Exercise objective =>
For the word "rule", return each line of the data in which it occurs.
────
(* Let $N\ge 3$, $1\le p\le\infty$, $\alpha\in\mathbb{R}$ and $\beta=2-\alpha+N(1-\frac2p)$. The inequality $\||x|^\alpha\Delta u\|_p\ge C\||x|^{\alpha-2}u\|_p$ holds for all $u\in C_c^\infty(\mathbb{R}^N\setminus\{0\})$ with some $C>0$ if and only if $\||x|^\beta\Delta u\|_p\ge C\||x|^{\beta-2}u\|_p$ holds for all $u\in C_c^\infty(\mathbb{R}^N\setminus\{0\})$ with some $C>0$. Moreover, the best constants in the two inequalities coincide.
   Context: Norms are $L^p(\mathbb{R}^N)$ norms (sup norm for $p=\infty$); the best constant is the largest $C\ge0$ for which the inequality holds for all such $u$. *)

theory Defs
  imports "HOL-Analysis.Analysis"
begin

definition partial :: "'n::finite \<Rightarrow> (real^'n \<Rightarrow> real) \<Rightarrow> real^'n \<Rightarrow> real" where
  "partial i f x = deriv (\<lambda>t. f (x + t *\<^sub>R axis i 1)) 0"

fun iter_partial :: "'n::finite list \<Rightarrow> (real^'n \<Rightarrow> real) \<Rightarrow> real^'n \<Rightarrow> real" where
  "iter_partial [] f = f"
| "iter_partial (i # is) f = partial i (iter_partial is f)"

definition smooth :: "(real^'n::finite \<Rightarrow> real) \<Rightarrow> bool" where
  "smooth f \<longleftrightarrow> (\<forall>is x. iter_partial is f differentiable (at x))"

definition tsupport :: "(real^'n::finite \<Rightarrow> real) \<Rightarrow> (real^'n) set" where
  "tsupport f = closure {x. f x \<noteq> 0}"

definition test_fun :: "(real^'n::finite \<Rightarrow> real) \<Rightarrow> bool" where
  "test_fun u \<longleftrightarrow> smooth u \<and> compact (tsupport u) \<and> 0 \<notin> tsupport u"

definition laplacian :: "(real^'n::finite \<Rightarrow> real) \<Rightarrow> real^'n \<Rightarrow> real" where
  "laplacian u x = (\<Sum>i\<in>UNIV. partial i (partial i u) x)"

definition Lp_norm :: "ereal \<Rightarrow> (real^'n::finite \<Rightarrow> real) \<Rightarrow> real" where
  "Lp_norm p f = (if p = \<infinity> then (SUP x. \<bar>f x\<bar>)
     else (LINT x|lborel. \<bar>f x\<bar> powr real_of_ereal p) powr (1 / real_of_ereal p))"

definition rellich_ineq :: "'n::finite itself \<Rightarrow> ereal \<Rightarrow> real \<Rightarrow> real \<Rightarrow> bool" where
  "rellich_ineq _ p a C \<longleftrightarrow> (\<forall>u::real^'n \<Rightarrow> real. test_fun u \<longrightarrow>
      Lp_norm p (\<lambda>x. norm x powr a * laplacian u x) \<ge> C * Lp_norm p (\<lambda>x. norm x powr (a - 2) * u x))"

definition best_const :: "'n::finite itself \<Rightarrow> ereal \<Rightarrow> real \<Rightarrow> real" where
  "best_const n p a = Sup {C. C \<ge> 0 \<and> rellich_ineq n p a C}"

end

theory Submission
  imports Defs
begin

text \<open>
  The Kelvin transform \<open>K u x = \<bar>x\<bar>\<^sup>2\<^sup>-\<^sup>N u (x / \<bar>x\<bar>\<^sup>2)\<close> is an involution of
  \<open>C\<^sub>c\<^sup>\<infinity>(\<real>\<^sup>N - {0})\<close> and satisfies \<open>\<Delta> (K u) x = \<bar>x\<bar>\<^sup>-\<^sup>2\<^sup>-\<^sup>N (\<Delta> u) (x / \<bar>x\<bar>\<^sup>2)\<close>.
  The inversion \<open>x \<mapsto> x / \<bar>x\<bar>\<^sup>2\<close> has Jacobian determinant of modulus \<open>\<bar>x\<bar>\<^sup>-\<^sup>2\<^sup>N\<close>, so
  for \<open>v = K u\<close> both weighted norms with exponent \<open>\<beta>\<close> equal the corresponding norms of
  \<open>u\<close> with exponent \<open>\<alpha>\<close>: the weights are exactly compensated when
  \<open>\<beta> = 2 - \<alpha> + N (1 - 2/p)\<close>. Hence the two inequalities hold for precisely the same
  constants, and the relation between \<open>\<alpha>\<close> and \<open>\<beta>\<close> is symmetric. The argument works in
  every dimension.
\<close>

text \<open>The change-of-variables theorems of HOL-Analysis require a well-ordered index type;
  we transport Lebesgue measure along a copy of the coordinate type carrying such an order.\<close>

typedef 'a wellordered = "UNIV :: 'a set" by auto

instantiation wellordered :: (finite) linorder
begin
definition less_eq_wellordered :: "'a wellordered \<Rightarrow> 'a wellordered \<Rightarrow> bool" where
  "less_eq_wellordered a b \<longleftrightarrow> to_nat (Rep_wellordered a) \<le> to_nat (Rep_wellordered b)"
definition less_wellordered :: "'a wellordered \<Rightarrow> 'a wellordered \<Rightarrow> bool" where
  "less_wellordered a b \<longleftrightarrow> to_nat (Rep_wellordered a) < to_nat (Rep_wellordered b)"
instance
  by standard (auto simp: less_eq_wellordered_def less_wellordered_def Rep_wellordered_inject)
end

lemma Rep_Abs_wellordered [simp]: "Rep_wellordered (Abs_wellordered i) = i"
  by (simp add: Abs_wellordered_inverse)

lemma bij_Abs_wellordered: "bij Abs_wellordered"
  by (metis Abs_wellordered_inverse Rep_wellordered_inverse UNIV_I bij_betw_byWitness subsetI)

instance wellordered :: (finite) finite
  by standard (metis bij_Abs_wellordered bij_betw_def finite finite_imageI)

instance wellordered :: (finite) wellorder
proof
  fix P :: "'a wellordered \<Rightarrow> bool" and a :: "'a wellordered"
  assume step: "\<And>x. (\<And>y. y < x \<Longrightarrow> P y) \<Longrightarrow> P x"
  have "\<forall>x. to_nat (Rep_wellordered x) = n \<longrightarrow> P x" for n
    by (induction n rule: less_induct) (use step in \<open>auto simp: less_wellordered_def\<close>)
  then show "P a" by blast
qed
────
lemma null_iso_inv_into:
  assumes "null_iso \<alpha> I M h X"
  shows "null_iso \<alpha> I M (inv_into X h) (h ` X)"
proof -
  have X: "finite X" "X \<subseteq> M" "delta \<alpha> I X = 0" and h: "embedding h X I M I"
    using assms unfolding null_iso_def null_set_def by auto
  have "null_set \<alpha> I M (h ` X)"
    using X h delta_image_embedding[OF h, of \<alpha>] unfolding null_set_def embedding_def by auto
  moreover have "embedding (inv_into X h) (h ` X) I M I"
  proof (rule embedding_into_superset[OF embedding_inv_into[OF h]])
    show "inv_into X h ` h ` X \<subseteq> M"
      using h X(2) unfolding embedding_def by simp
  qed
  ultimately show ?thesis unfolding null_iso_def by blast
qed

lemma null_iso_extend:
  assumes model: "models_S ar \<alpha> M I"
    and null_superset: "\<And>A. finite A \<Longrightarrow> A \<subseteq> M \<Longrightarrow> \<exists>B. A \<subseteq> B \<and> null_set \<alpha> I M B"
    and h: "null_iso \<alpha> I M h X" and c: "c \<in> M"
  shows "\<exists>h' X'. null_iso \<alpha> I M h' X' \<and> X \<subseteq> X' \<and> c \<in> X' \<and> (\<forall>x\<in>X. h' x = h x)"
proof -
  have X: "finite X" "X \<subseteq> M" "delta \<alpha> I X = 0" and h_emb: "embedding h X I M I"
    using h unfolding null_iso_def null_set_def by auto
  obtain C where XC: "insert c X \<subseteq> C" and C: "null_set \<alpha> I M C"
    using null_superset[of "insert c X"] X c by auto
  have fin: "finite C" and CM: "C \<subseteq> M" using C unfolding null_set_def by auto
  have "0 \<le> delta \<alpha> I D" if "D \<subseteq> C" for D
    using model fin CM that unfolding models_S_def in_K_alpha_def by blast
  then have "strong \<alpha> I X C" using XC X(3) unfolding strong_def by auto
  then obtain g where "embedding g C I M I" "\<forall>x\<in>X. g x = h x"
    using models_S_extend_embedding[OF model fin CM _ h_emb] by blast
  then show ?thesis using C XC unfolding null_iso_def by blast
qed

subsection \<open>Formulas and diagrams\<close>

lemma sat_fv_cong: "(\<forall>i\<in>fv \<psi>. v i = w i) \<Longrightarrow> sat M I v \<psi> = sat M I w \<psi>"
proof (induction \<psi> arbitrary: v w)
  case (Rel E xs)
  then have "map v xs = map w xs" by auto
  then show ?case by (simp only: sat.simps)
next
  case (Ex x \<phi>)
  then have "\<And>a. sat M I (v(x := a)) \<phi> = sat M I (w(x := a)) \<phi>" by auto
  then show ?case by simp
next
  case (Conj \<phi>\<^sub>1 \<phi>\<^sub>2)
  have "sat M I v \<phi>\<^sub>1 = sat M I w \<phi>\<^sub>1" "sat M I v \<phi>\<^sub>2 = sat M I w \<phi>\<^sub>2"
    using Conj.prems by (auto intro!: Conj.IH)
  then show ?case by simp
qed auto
────
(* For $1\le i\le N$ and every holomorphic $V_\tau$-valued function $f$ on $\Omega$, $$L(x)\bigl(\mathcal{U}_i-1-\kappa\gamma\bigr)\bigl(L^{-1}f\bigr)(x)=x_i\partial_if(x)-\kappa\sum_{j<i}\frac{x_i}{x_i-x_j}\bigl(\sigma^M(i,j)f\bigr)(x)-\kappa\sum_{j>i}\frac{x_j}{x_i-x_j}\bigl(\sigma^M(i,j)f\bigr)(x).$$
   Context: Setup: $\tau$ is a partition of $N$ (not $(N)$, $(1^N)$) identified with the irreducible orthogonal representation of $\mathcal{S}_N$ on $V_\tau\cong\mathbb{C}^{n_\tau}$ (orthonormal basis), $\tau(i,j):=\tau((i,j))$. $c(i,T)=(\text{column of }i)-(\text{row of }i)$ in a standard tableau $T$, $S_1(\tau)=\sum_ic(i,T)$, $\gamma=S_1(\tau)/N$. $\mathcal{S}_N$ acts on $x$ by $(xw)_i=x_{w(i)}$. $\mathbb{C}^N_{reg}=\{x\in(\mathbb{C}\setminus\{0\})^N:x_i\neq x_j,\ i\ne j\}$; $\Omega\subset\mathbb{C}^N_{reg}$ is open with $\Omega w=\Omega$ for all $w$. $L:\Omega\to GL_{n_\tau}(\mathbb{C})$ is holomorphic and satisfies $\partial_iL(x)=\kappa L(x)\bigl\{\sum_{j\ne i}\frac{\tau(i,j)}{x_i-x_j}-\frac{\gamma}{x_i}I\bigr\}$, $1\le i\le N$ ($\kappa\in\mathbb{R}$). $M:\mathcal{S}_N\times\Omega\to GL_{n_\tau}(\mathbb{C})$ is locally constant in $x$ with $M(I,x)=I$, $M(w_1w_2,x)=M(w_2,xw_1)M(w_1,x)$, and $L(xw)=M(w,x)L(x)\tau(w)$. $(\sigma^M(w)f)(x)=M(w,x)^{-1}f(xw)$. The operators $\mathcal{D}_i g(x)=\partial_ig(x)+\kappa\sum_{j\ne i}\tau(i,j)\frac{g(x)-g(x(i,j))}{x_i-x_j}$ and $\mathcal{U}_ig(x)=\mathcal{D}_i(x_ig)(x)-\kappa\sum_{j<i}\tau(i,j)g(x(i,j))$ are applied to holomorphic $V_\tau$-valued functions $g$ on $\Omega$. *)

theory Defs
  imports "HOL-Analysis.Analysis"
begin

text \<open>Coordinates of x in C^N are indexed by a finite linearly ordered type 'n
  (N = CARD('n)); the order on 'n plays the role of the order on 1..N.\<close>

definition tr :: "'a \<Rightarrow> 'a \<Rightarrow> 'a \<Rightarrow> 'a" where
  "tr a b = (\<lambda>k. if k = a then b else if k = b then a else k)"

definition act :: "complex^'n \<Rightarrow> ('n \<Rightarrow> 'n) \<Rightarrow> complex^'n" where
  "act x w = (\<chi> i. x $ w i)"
────
Expected output =>
    by (induction n rule: less_induct) (use step in \<open>auto simp: less_wellordered_def\<close>)
  proof (rule embedding_into_superset[OF embedding_inv_into[OF h]])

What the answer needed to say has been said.